# [Problem description]
Output exactly, please, the lines of the records below from the one containing "obstruction is beta" through the final line.

[Saved entries]
lemma frag_lift_eq_sum_superset:
  assumes "finite A" "Poly_Mapping.keys x \<subseteq> A"
  shows "frag_lift g x = (\<Sum>i\<in>A. zmult (Poly_Mapping.lookup x i) (g i))"
  unfolding frag_lift_def using assms
  by (intro sum.mono_neutral_left) (auto simp: in_keys_iff)

lemma additive_frag_lift:
  fixes g :: "'i \<Rightarrow> 'a::ab_group_add"
  shows "additive (frag_lift g)"
unfolding additive_def
proof (intro allI)
  fix x y :: "'i \<Rightarrow>\<^sub>0 int"
  let ?A = "Poly_Mapping.keys x \<union> Poly_Mapping.keys y"
  have "frag_lift g (x + y) = (\<Sum>i\<in>?A. zmult (Poly_Mapping.lookup (x + y) i) (g i))"
    using keys_add[of x y] by (intro frag_lift_eq_sum_superset) auto
  also have "\<dots> = (\<Sum>i\<in>?A. zmult (Poly_Mapping.lookup x i) (g i))
                  + (\<Sum>i\<in>?A. zmult (Poly_Mapping.lookup y i) (g i))"
    by (simp add: lookup_add zmult_add sum.distrib)
  also have "\<dots> = frag_lift g x + frag_lift g y"
    by (subst (1 2) frag_lift_eq_sum_superset[where A = ?A]) auto
  finally show "frag_lift g (x + y) = frag_lift g x + frag_lift g y" .
qed

lemmas frag_lift_0 [simp] = additive_zero[OF additive_frag_lift]
  and frag_lift_add = additive_add[OF additive_frag_lift]
  and frag_lift_minus = additive_minus[OF additive_frag_lift]
  and frag_lift_diff = additive_diff[OF additive_frag_lift]

lemma frag_lift_single [simp]: "frag_lift g (Poly_Mapping.single i k) = zmult k (g i)"
  by (simp add: frag_lift_def)

lemma frag_lift_in_subgroup:
  assumes "0 \<in> S" and "\<And>a b. a \<in> S \<Longrightarrow> b \<in> S \<Longrightarrow> a - b \<in> S" and "\<And>i. g i \<in> S"
  shows "frag_lift g x \<in> S"
  using subset_UNIV
  by (induction x rule: frag_induction) (simp_all add: assms frag_lift_diff)

lemma additive_frag_lift_comp:
  assumes "additive f"
  shows "f (frag_lift g x) = frag_lift (f \<circ> g) x"
  using subset_UNIV
  by (induction x rule: frag_induction) (simp_all add: frag_lift_diff assms additive_diff additive_zero)
(* Let $\mathcal{L}:TQ\to\mathbb{R}$, $Q=\mathbb{R}^n$, be a smooth Lagrangian, let $s\ge1$ and fix $0=d_0<d_1<\dots<d_s=1$. Let $q:[0,h_0]\to Q$ be smooth and, for small $h>0$, let $q_{EL}:[0,h]\to Q$ be a smooth solution of the Euler–Lagrange equation $\frac{\partial\mathcal L}{\partial q}(q,\dot q)-\frac{d}{dt}\frac{\partial\mathcal L}{\partial\dot q}(q,\dot q)=0$ with $q_{EL}(0)=q(0)$, $q_{EL}(h)=q(h)$ (depending smoothly/uniformly on $h$ so that its derivatives are bounded uniformly in $h$). Let $\hat q$ be the polynomial of degree at most $s$ interpolating $q_{EL}$ at the points $hd_0,\dots,hd_s$. Then \[ \int_0^h\mathcal L(q_{EL},\dot q_{EL})\,dt-\int_0^h\mathcal L(\hat q,\dot{\hat q})\,dt=\mathcal O(h^{2s+1})\quad\text{as }h\to0. \]
   Context: The Euler–Lagrange equation is the stationarity condition of the action $\int_0^h\mathcal L(q,\dot q)\,dt$ under variations vanishing at the endpoints. *)

theory Defs
  imports "HOL-Analysis.Analysis" "HOL-Library.Landau_Symbols"
begin

text \<open>C-infinity maps between normed spaces: all iterated Frechet derivatives exist.
  D vs x is the iterated derivative applied to the directions in vs (most recent first).\<close>
definition smooth_map :: "('a::real_normed_vector \<Rightarrow> 'b::real_normed_vector) \<Rightarrow> bool" where
  "smooth_map f \<longleftrightarrow> (\<exists>D :: 'a list \<Rightarrow> 'a \<Rightarrow> 'b. D [] = f \<and>
      (\<forall>vs x. (D vs has_derivative (\<lambda>v. D (v # vs) x)) (at x)))"

definition curve_derivs :: "real set \<Rightarrow> (real \<Rightarrow> 'a::real_normed_vector) \<Rightarrow> (nat \<Rightarrow> real \<Rightarrow> 'a) \<Rightarrow> bool" where
  "curve_derivs S f Dk \<longleftrightarrow> (\<forall>t\<in>S. Dk 0 t = f t) \<and>
      (\<forall>k. \<forall>t\<in>S. (Dk k has_vector_derivative Dk (Suc k) t) (at t within S))"

definition smooth_curve_on :: "real set \<Rightarrow> (real \<Rightarrow> 'a::real_normed_vector) \<Rightarrow> bool" where
  "smooth_curve_on S f \<longleftrightarrow> (\<exists>Dk. curve_derivs S f Dk)"

definition dLdq :: "('a::real_normed_vector \<times> 'a \<Rightarrow> real) \<Rightarrow> 'a \<Rightarrow> 'a \<Rightarrow> 'a \<Rightarrow> real" where
  "dLdq L x v w = frechet_derivative L (at (x, v)) (w, 0)"

definition dLdv :: "('a::real_normed_vector \<times> 'a \<Rightarrow> real) \<Rightarrow> 'a \<Rightarrow> 'a \<Rightarrow> 'a \<Rightarrow> real" where
  "dLdv L x v w = frechet_derivative L (at (x, v)) (0, w)"

definition action :: "('a::euclidean_space \<times> 'a \<Rightarrow> real) \<Rightarrow> real \<Rightarrow> (real \<Rightarrow> 'a) \<Rightarrow> real" where
  "action L h c = integral {0..h} (\<lambda>t. L (c t, vector_derivative c (at t within {0..h})))"

end

theory Submission
  imports Defs
begin

text \<open>The interpolation error of \<open>qhat\<close> vanishes at the \<open>s + 1\<close> nodes, so by repeated
  applications of Rolle's theorem its \<open>k\<close>-th derivative is \<open>O(h^(s+1-k))\<close>; in particular the
  deviation \<open>(qhat - qEL, qhat' - qEL')\<close> is \<open>O(h^s)\<close> on \<open>[0,h]\<close>. Expanding \<open>L\<close> to second order
  around \<open>(qEL, qEL')\<close>, the action difference is the integral of the first variation plus
  \<open>O(h^(2s))\<close> times \<open>h\<close>. By the Euler-Lagrange equation the first variation is the exact
  derivative of \<open>dL/dv (qEL, qEL') (qhat - qEL)\<close>, which vanishes at both ends, so it integrates
  to zero.\<close>

lemma linear_functional_abs_le:
  fixes f :: "'a::euclidean_space \<Rightarrow> real"
  assumes "linear f"
  shows "\<bar>f w\<bar> \<le> norm w * (\<Sum>b\<in>Basis. \<bar>f b\<bar>)"
proof -
  have "\<bar>f w\<bar> = \<bar>\<Sum>b\<in>Basis. (w \<bullet> b) * f b\<bar>"
    using Linear_Algebra.linear_componentwise[OF assms, of w 1] by simp
  also have "\<dots> \<le> (\<Sum>b\<in>Basis. \<bar>w \<bullet> b\<bar> * \<bar>f b\<bar>)"
    by (rule order_trans[OF sum_abs]) (simp add: abs_mult)
  also have "\<dots> \<le> (\<Sum>b\<in>Basis. norm w * \<bar>f b\<bar>)"
    by (intro sum_mono mult_right_mono Basis_le_norm) auto
  finally show ?thesis by (simp add: sum_distrib_left)
qed
text \<open>fs x t is x[t].  In the case Omega^a (the coefficient is 1) the rules
  1[t] = 0, Omega^(a+1)[t] = Omega^a t and Omega^a[t] = Omega^(a[t]) (a limit) are
  applied; the rule for Omega^a (b+1), b > 0, is Omega^a b + (Omega^a)[t].\<close>
fun fs :: "'w::wellorder tm \<Rightarrow> 'w \<Rightarrow> 'w tm" where
  "fs Z t = Z"
| "fs (Plus a b c) t =
    (let pw = (if a = Z then Z else if tis_succ a then mk (tpred a) t else Plus (fs a t) w1 Z)
     in if c \<noteq> Z then Plus a b (fs c t)
        else if wlim b then mk a t
        else if b = w1 then pw
        else Plus a (wpred b) pw)"

text \<open>tau with values in Omega + 1; None represents Omega.\<close>
fun tau :: "'w::wellorder tm \<Rightarrow> 'w option" where
  "tau Z = Some w0"
| "tau (Plus a b c) =
    (if c \<noteq> Z then tau c
     else if wlim b then Some b
     else if a = Z then Some w1
     else if tis_succ a then None
     else tau a)"

definition tlessR :: "('w::wellorder tm \<times> 'w tm) set" where
  "tlessR = {(z, x). nf z \<and> nf x \<and> tless z x}"

definition ThetaF :: "'w::wellorder set \<Rightarrow> ('w tm \<Rightarrow> 'w) \<Rightarrow> 'w tm \<Rightarrow> 'w" where
  "ThetaF X f x = (LEAST t. t \<in> X \<and> star x < t \<and>
       (\<forall>z. nf z \<and> tless z x \<and> star z < t \<longrightarrow> f z < t))"

definition Theta :: "'w::wellorder set \<Rightarrow> 'w tm \<Rightarrow> 'w" where
  "Theta X = wfrec tlessR (ThetaF X)"

fun OmN :: "nat \<Rightarrow> 'w::wellorder tm" where
  "OmN 0 = Plus Z w1 Z"
| "OmN (Suc n) = Plus (OmN n) w1 Z"

definition Theta_eps :: "'w::wellorder set \<Rightarrow> 'w" where
  "Theta_eps X = (LEAST t. \<forall>n. Theta X (OmN n) \<le> t)"

definition eps_hat :: "'w::wellorder set \<Rightarrow> 'w tm set" where
  "eps_hat X = {x. nf x \<and> star x < Theta_eps X}"

definition FIX :: "'w::wellorder set \<Rightarrow> 'w tm set" where
  "FIX X = {x. nf x \<and> star (fs x w1) < star x \<and> tau x = Some (star x) \<and>
                (\<exists>g. nf g \<and> tless x g \<and> Theta X g = star x)}"

end

theory Submission
  imports Defs
begin

(* Write xi_n = alpha + beta_n and x = alpha + beta. The terms xi_n increase together with
   their largest coefficients, so each Theta(xi_n) lies below the next one and below Theta(x).
   The supremum s of the Theta(xi_n) lies in the club X and is closed under Theta below x,
   hence Theta(x) <= s as soon as x* < s. As x* = max(alpha*, beta) and beta <= s, the only
   obstruction is beta = s. Then beta is a limit in X, closed under Theta below x, and
   beta < Theta(Omega_n) for some n; the least gamma > x with gamma* < beta <= Theta(gamma)
   satisfies Theta(gamma) = beta, which puts x into FIX(X). *)

section \<open>Well-foundedness of the order on normal forms\<close>

lemma tless_Z [simp]: "\<not> tless x Z"
  by (cases x) auto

# [Answer box]
   obstruction is beta = s. Then beta is a limit in X, closed under Theta below x, and
   beta < Theta(Omega_n) for some n; the least gamma > x with gamma* < beta <= Theta(gamma)
   satisfies Theta(gamma) = beta, which puts x into FIX(X). *)

section \<open>Well-foundedness of the order on normal forms\<close>

lemma tless_Z [simp]: "\<not> tless x Z"
  by (cases x) auto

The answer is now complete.